Member function syntax in class template specialization

Question

I have a class template, let's call it A, which has a member function abc():

template <typename T>
class A{
public:
    T value;
    void abc();
};

I can implement the member function abc() outside the class declaration, using the following syntax:

template <typename T>
void A<T>::abc()
{
    value++;
}

What I want to do is to create a template specialization for this class, let's say int.

template <>
class A<int>{
public:
    int value;
    void abc();
};

The question is: what is the correct syntax to implement abc() for the specialized class?

I tried using the following syntax:

template <>
void A<int>::abc()
{
   value += 2;
}

However this doesn't compile.

Answer 1

void A<int>::abc()
{
   value += 2;
}

since A<int> is explicit specialisation of A<T>.
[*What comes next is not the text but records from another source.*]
lemma eta_norm_ge:
  assumes phi: "(\<Sum>S\<in>eta_states n eta. (cmod (phi S))\<^sup>2) = 1"
    and psi: "(\<Sum>U\<in>eta_states n eta. (cmod (psi U))\<^sup>2) = 1"
  shows "cmod (\<Sum>S\<in>eta_states n eta. \<Sum>U\<in>eta_states n eta. cnj (phi S) * X S U * psi U)
    \<le> eta_norm n eta X"
  unfolding eta_norm_def
proof (rule cSup_upper)
  let ?E = "eta_states n eta"
  show "bdd_above {cmod (\<Sum>S\<in>?E. \<Sum>U\<in>?E. cnj (phi S) * X S U * psi U) | phi psi.
      (\<Sum>S\<in>?E. (cmod (phi S))\<^sup>2) = 1 \<and> (\<Sum>U\<in>?E. (cmod (psi U))\<^sup>2) = 1}"
  proof (rule bdd_aboveI, safe)
    fix phi psi :: "nat set \<Rightarrow> complex"
    assume phi: "(\<Sum>S\<in>?E. (cmod (phi S))\<^sup>2) = 1" and psi: "(\<Sum>U\<in>?E. (cmod (psi U))\<^sup>2) = 1"
    have entry: "cmod (cnj (phi S) * X S U * psi U) \<le> cmod (X S U)" if "S \<in> ?E" "U \<in> ?E" for S U
    proof -
      have "cmod (phi S) * cmod (X S U) * cmod (psi U) \<le> 1 * cmod (X S U) * 1"
        using norm_le_one_if_unit_sum[OF finite_eta_states that(1) phi]
          norm_le_one_if_unit_sum[OF finite_eta_states that(2) psi]
        by (intro mult_mono) auto
      then show ?thesis by (simp add: norm_mult)
    qed
    have "cmod (\<Sum>S\<in>?E. \<Sum>U\<in>?E. cnj (phi S) * X S U * psi U)
        \<le> (\<Sum>S\<in>?E. \<Sum>U\<in>?E. cmod (cnj (phi S) * X S U * psi U))"
      by (rule order_trans[OF norm_sum]) (intro sum_mono norm_sum)
    also have "\<dots> \<le> (\<Sum>S\<in>?E. \<Sum>U\<in>?E. cmod (X S U))"
      using entry by (intro sum_mono) auto
    finally show "cmod (\<Sum>S\<in>?E. \<Sum>U\<in>?E. cnj (phi S) * X S U * psi U)
        \<le> (\<Sum>S\<in>?E. \<Sum>U\<in>?E. cmod (X S U))" .
  qed
qed (use phi psi in blast)

type_synonym cmat = "nat \<Rightarrow> nat \<Rightarrow> complex"

definition mat_mul :: "nat \<Rightarrow> cmat \<Rightarrow> cmat \<Rightarrow> cmat" where
  "mat_mul N M M' = (\<lambda>j k. \<Sum>l<N. M j l * M' l k)"

definition mat_comm :: "nat \<Rightarrow> cmat \<Rightarrow> cmat \<Rightarrow> cmat" where
  "mat_comm N M M' = (\<lambda>j k. mat_mul N M M' j k - mat_mul N M' M j k)"

fun mat_nested_comm :: "nat \<Rightarrow> nat \<Rightarrow> cmat \<Rightarrow> cmat \<Rightarrow> cmat" where
  "mat_nested_comm N 0 M M' = M'"
| "mat_nested_comm N (Suc p) M M' = mat_comm N M (mat_nested_comm N p M M')"

locale one_particle_sector =
  fixes n N :: nat and C :: "nat set"
  assumes N_le_n: "N \<le> n" and core_range: "C \<subseteq> {N..<n}"
begin

definition state :: "nat \<Rightarrow> nat set" where
  "state j = insert j C"

definition sector :: "nat set set" where
  "sector = state ` {..<N}"

definition preserves_sector :: "fop \<Rightarrow> bool" where
  "preserves_sector X \<longleftrightarrow> (\<forall>S U. (S \<in> sector) \<noteq> (U \<in> sector) \<longrightarrow> X S U = 0)"

lemma finite_core: "finite C"
  using core_range finite_subset by blast

lemma state_inj: "inj_on state {..<N}"
  using core_range by (auto simp: inj_on_def state_def)

lemma state_minus: "j < N \<Longrightarrow> state j - {j} = C"
  using core_range by (auto simp: state_def)

lemma mem_state_below: "i \<in> state j \<Longrightarrow> i < N \<Longrightarrow> i = j"
  using core_range by (auto simp: state_def)

lemma state_in_eta_states: "j < N \<Longrightarrow> state j \<in> eta_states n (Suc (card C))"
  using core_range N_le_n finite_core
  by (auto simp: eta_states_def state_def card_insert_if)

lemma sector_subset_eta_states: "sector \<subseteq> eta_states n (Suc (card C))"
  using state_in_eta_states by (auto simp: sector_def)

lemma mem_sector_iff:
  assumes "j < N" "j \<in> S"
  shows "S \<in> sector \<longleftrightarrow> S - {j} = C"
proof
  assume "S \<in> sector"
  then obtain j' where "j' < N" "S = state j'" by (auto simp: sector_def)
  with assms show "S - {j} = C" using mem_state_below state_minus by blast
next
  assume "S - {j} = C"
  then have "S = state j" using assms by (auto simp: state_def)
  then show "S \<in> sector" using assms by (auto simp: sector_def)
qed

(* No Jordan-Wigner signs occur: every core orbital lies above every mobile one. *)
lemma cre_ann_state_entry:
  assumes j: "j < N" and k: "k < N" and j': "j' < N" and k': "k' < N"
  shows "opmul n (cre n j) (ann n k) (state j') (state k') = (if j = j' \<and> k = k' then 1 else 0)"
proof (cases "j = j' \<and> k = k'")
  case True
  have no_signs: "{i\<in>state k'. i < k'} = {}" "{i\<in>C. i < j'} = {}"
    using core_range j' k' by (auto simp: state_def)
  have "state k' \<subseteq> {..<n}" "k' \<in> state k'" "j' \<notin> C" "j' < n" "k' < n"
    using core_range N_le_n j' k' by (auto simp: state_def)
  then show ?thesis
    using True state_minus[OF k'] state_def[of j'] by (simp add: cre_ann_entry no_signs)
next
  case False
  have "\<not> (k \<in> state k' \<and> state j' = insert j (state k' - {k}))"
  proof
    assume *: "k \<in> state k' \<and> state j' = insert j (state k' - {k})"
    then have "k = k'" using mem_state_below k by blast
    with * have "state j' = state j" using state_minus[OF k'] by (simp add: state_def)
    then have "j = j'" using state_inj j j' by (auto simp: inj_on_def)
    with \<open>k = k'\<close> False show False by simp
  qed
  with False show ?thesis by (auto simp: cre_ann_entry)
qed

lemma preserves_sector_cre_ann:
  assumes j: "j < N" and k: "k < N"
  shows "preserves_sector (opmul n (cre n j) (ann n k))"
  unfolding preserves_sector_def
proof (intro allI impI)
  fix S U assume differ: "(S \<in> sector) \<noteq> (U \<in> sector)"
  show "opmul n (cre n j) (ann n k) S U = 0"
  proof (rule ccontr)
    assume "opmul n (cre n j) (ann n k) S U \<noteq> 0"
    then have "k \<in> U" "j \<notin> U - {k}" "S = insert j (U - {k})"
      by (auto simp: cre_ann_entry split: if_splits)
    then have "S - {j} = U - {k}" "j \<in> S" by auto
    with differ mem_sector_iff[OF j] mem_sector_iff[OF k \<open>k \<in> U\<close>] show False by simp
  qed
qed

lemma preserves_sector_kinetic:
  assumes "\<And>j k. tau j k \<noteq> 0 \<Longrightarrow> j < N \<and> k < N"
  shows "preserves_sector (kinetic n tau)"
  using assms preserves_sector_cre_ann unfolding preserves_sector_def kinetic_def
  by (metis (no_types, lifting) mult_eq_0_iff sum.neutral)

lemma kinetic_state_entry:
  assumes supp: "\<And>j k. tau j k \<noteq> 0 \<Longrightarrow> j < N \<and> k < N" and j': "j' < N" and k': "k' < N"
  shows "kinetic n tau (state j') (state k') = tau j' k'"
proof -
  have "tau j k * opmul n (cre n j) (ann n k) (state j') (state k')
      = (if k = k' then if j = j' then tau j' k' else 0 else 0)" for j k
  proof (cases "tau j k = 0")
    case False
    then have "j < N" "k < N" using supp by auto
    then show ?thesis using cre_ann_state_entry[OF _ _ j' k'] by auto
  qed auto
  then show ?thesis
    using N_le_n j' k' by (simp add: kinetic_def)
qed

lemma preserves_sector_potential: "preserves_sector (potential n nu)"
  by (auto simp: preserves_sector_def potential_entry)

lemma potential_state_entry:
  "j < N \<Longrightarrow> k < N \<Longrightarrow> potential n nu (state j) (state k) =
    (if j = k then \<Sum>l\<in>state j. \<Sum>q\<in>state j. nu l q else 0)"
  using state_in_eta_states state_inj by (auto simp: potential_entry inj_on_def eta_states_def)

lemma sum_sector:
  assumes "\<And>S. S \<in> A \<Longrightarrow> S \<notin> sector \<Longrightarrow> h S = 0" "finite A" "sector \<subseteq> A"
  shows "(\<Sum>S\<in>A. h S) = (\<Sum>j<N. h (state j))"
proof -
  have "(\<Sum>S\<in>A. h S) = (\<Sum>S\<in>sector. h S)"
    using assms by (intro sum.mono_neutral_right) auto
  also have "\<dots> = (\<Sum>j<N. h (state j))"
    unfolding sector_def by (rule sum.reindex[OF state_inj, unfolded comp_def])
  finally show ?thesis .
qed

lemma opmul_state_entry:
  assumes "preserves_sector X" "j < N"
  shows "opmul n X Y (state j) (state k) = (\<Sum>l<N. X (state j) (state l) * Y (state l) (state k))"
  unfolding opmul_def using assms sector_subset_eta_states
  by (intro sum_sector) (auto simp: preserves_sector_def sector_def eta_states_def)

lemma preserves_sector_opmul:
  "preserves_sector X \<Longrightarrow> preserves_sector Y \<Longrightarrow> preserves_sector (opmul n X Y)"
  unfolding preserves_sector_def opmul_def
  by (intro allI impI sum.neutral ballI) (metis mult_eq_0_iff)

lemma preserves_sector_nested_comm:
  assumes "preserves_sector X" "preserves_sector Y"
  shows "preserves_sector (nested_comm n p X Y)"
proof (induction p)
  case (Suc p)
  with assms preserves_sector_opmul show ?case
    by (simp add: preserves_sector_def comm_def)
qed (use assms in simp)

lemma nested_comm_state_entry:
  assumes X: "preserves_sector X" and Y: "preserves_sector Y"
    and M: "\<And>j k. j < N \<Longrightarrow> k < N \<Longrightarrow> X (state j) (state k) = M j k"
    and M': "\<And>j k. j < N \<Longrightarrow> k < N \<Longrightarrow> Y (state j) (state k) = M' j k"
    and "j < N" "k < N"
  shows "nested_comm n p X Y (state j) (state k) = mat_nested_comm N p M M' j k"
  using \<open>j < N\<close> \<open>k < N\<close>
proof (induction p arbitrary: j k)
  case (Suc p)
  note inner = preserves_sector_nested_comm[OF X Y, of p]
  show ?case
    using Suc by (simp add: comm_def mat_comm_def mat_mul_def opmul_state_entry[OF X]
        opmul_state_entry[OF inner] M)
qed (use M' in simp)

lemma eta_norm_ge_sector:
  assumes f: "(\<Sum>j<N. (cmod (f j))\<^sup>2) = 1" and g: "(\<Sum>k<N. (cmod (g k))\<^sup>2) = 1"
  shows "cmod (\<Sum>j<N. \<Sum>k<N. cnj (f j) * X (state j) (state k) * g k) \<le> eta_norm n (Suc (card C)) X"
proof -
  let ?E = "eta_states n (Suc (card C))"
  define lift :: "(nat \<Rightarrow> complex) \<Rightarrow> nat set \<Rightarrow> complex" where
    "lift h S = (if S \<in> sector then h (the_inv_into {..<N} state S) else 0)" for h S
  have lift_state: "lift h (state j) = h j" if "j < N" for h j
    using that state_inj by (simp add: lift_def sector_def the_inv_into_f_f)
  have lift_out: "S \<notin> sector \<Longrightarrow> lift h S = 0" for h S
    by (simp add: lift_def)
  have sum_E: "(\<Sum>S\<in>?E. H S) = (\<Sum>j<N. H (state j))" if "\<And>S. S \<notin> sector \<Longrightarrow> H S = 0" for H
    using that finite_eta_states sector_subset_eta_states by (intro sum_sector) auto
  have "cmod (\<Sum>S\<in>?E. \<Sum>U\<in>?E. cnj (lift f S) * X S U * lift g U) \<le> eta_norm n (Suc (card C)) X"
    using f g by (intro eta_norm_ge) (simp_all add: sum_E lift_out lift_state)
  then show ?thesis
    by (simp add: sum_E lift_out lift_state)
qed

end

definition hopping :: "nat \<Rightarrow> real \<Rightarrow> cmat" where
  "hopping m u j k = (if j < 2*m \<and> k < 2*m \<and> (j < m) \<noteq> (k < m) then complex_of_real u else 0)"

definition left_diag :: "nat \<Rightarrow> complex \<Rightarrow> cmat" where
  "left_diag m a j k = (if j = k \<and> j < m then a else 0)"

definition block_sign :: "nat \<Rightarrow> bool \<Rightarrow> bool \<Rightarrow> complex" where
  "block_sign p b b' = (if even p \<longleftrightarrow> b = b' then (-1) ^ p * (if b then 1 else -1) else 0)"

definition half_vector :: "nat \<Rightarrow> bool \<Rightarrow> nat \<Rightarrow> complex" where
  "half_vector m b j = (if (j < m) = b then complex_of_real (1 / sqrt m) else 0)"

lemma sum_lessThan_double_halves:
  "(\<Sum>l<2*m. F (l < m)) = of_nat m * F True + of_nat m * (F False :: 'a::comm_semiring_1)"
proof -
  have "(\<Sum>l<2*m. F (l < m)) = (\<Sum>l<m. F (l < m)) + (\<Sum>l\<in>{m..<2*m}. F (l < m))"
    unfolding lessThan_atLeast0 by (rule sum.atLeastLessThan_concat[symmetric]) auto
  also have "\<dots> = (\<Sum>l<m. F True) + (\<Sum>l\<in>{m..<2*m}. F False)"
    by (intro arg_cong2[where f = "(+)"] sum.cong) auto
  finally show ?thesis by simp
qed

lemma half_vector_unit:
  assumes "1 \<le> m"
  shows "(\<Sum>j<2*m. (cmod (half_vector m b j))\<^sup>2) = 1"
proof -
  have "(cmod (complex_of_real (1 / sqrt m)))\<^sup>2 = 1 / real m"
    using assms by (simp add: norm_divide power_divide)
  then have "(\<Sum>j<2*m. (cmod (half_vector m b j))\<^sup>2) = (\<Sum>j<2*m. (if (j < m) = b then 1 / real m else 0))"
    by (intro sum.cong) (auto simp: half_vector_def)
  also have "\<dots> = 1"
    using assms by (subst sum_lessThan_double_halves[where F = "\<lambda>b'. if b' = b then 1 / real m else 0"]) auto
  finally show ?thesis .
qed

lemma mat_nested_comm_hopping_left_diag:
  assumes "j < 2*m" "k < 2*m"
  shows "mat_nested_comm (2*m) (Suc q) (hopping m u) (left_diag m a) j k
    = of_real u * a * (2 * of_nat m * of_real u) ^ q * block_sign (Suc q) (j < m) (k < m)"
  using assms
proof (induction q arbitrary: j k)
  case 0
  have "mat_nested_comm (2*m) (Suc 0) (hopping m u) (left_diag m a) j k
      = hopping m u j k * (if k < m then a else 0) - (if j < m then a else 0) * hopping m u j k"
    using 0 by (simp add: mat_comm_def mat_mul_def left_diag_def sum_single_support[where a = k]
        sum_single_support[where a = j])
  also have "\<dots> = of_real u * a * (2 * of_nat m * of_real u) ^ 0 * block_sign (Suc 0) (j < m) (k < m)"
    using 0 by (auto simp: hopping_def block_sign_def)
  finally show ?case by simp
next
  case (Suc q)
  let ?c = "of_real u * a * (2 * of_nat m * of_real u) ^ q"
  define F where "F b = (if (j < m) \<noteq> b then of_real u else 0) * (?c * block_sign (Suc q) b (k < m))" for b
  define G where "G b = ?c * block_sign (Suc q) (j < m) b * (if b \<noteq> (k < m) then of_real u else 0)" for b
  let ?X = "mat_nested_comm (2*m) (Suc q) (hopping m u) (left_diag m a)"
  have "mat_nested_comm (2*m) (Suc (Suc q)) (hopping m u) (left_diag m a) j k
      = (\<Sum>l<2*m. hopping m u j l * ?X l k) - (\<Sum>l<2*m. ?X j l * hopping m u l k)"
    by (simp only: mat_nested_comm.simps(2)[of _ "Suc q"] mat_comm_def mat_mul_def)
  also have "\<dots> = (\<Sum>l<2*m. F (l < m)) - (\<Sum>l<2*m. G (l < m))"
    using Suc.prems by (intro arg_cong2[where f = "(-)"] sum.cong refl)
      (simp_all add: Suc.IH F_def G_def hopping_def del: mat_nested_comm.simps)
  also have "\<dots> = ?c * (2 * of_nat m * of_real u) * block_sign (Suc (Suc q)) (j < m) (k < m)"
    unfolding sum_lessThan_double_halves unfolding F_def G_def
    by (cases "j < m"; cases "k < m"; cases "even q") (auto simp: block_sign_def algebra_simps)
  finally show ?case by (simp add: algebra_simps)
qed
http://liveworkspace.org/code/982c66b2cbfdb56305180914266831d1

n3337 14.7.3/5

Members of an explicitly specialized class template are defined in the same manner as members of normal classes, and not using the template<> syntax.

[ Example:

template<class T> struct A {
struct B { };
template<class U> struct C { };
};
template<> struct A<int> {
void f(int);
};
void h() {
A<int> a;
a.f(16);
}
// A<int>::f must be defined somewhere
// template<> not used for a member of an
// explicitly specialized class template
void A<int>::f(int) { /∗ ... ∗/ }

Answer 2

Remove the template<>:

void A<int>::abc()
{
   value += 2;
}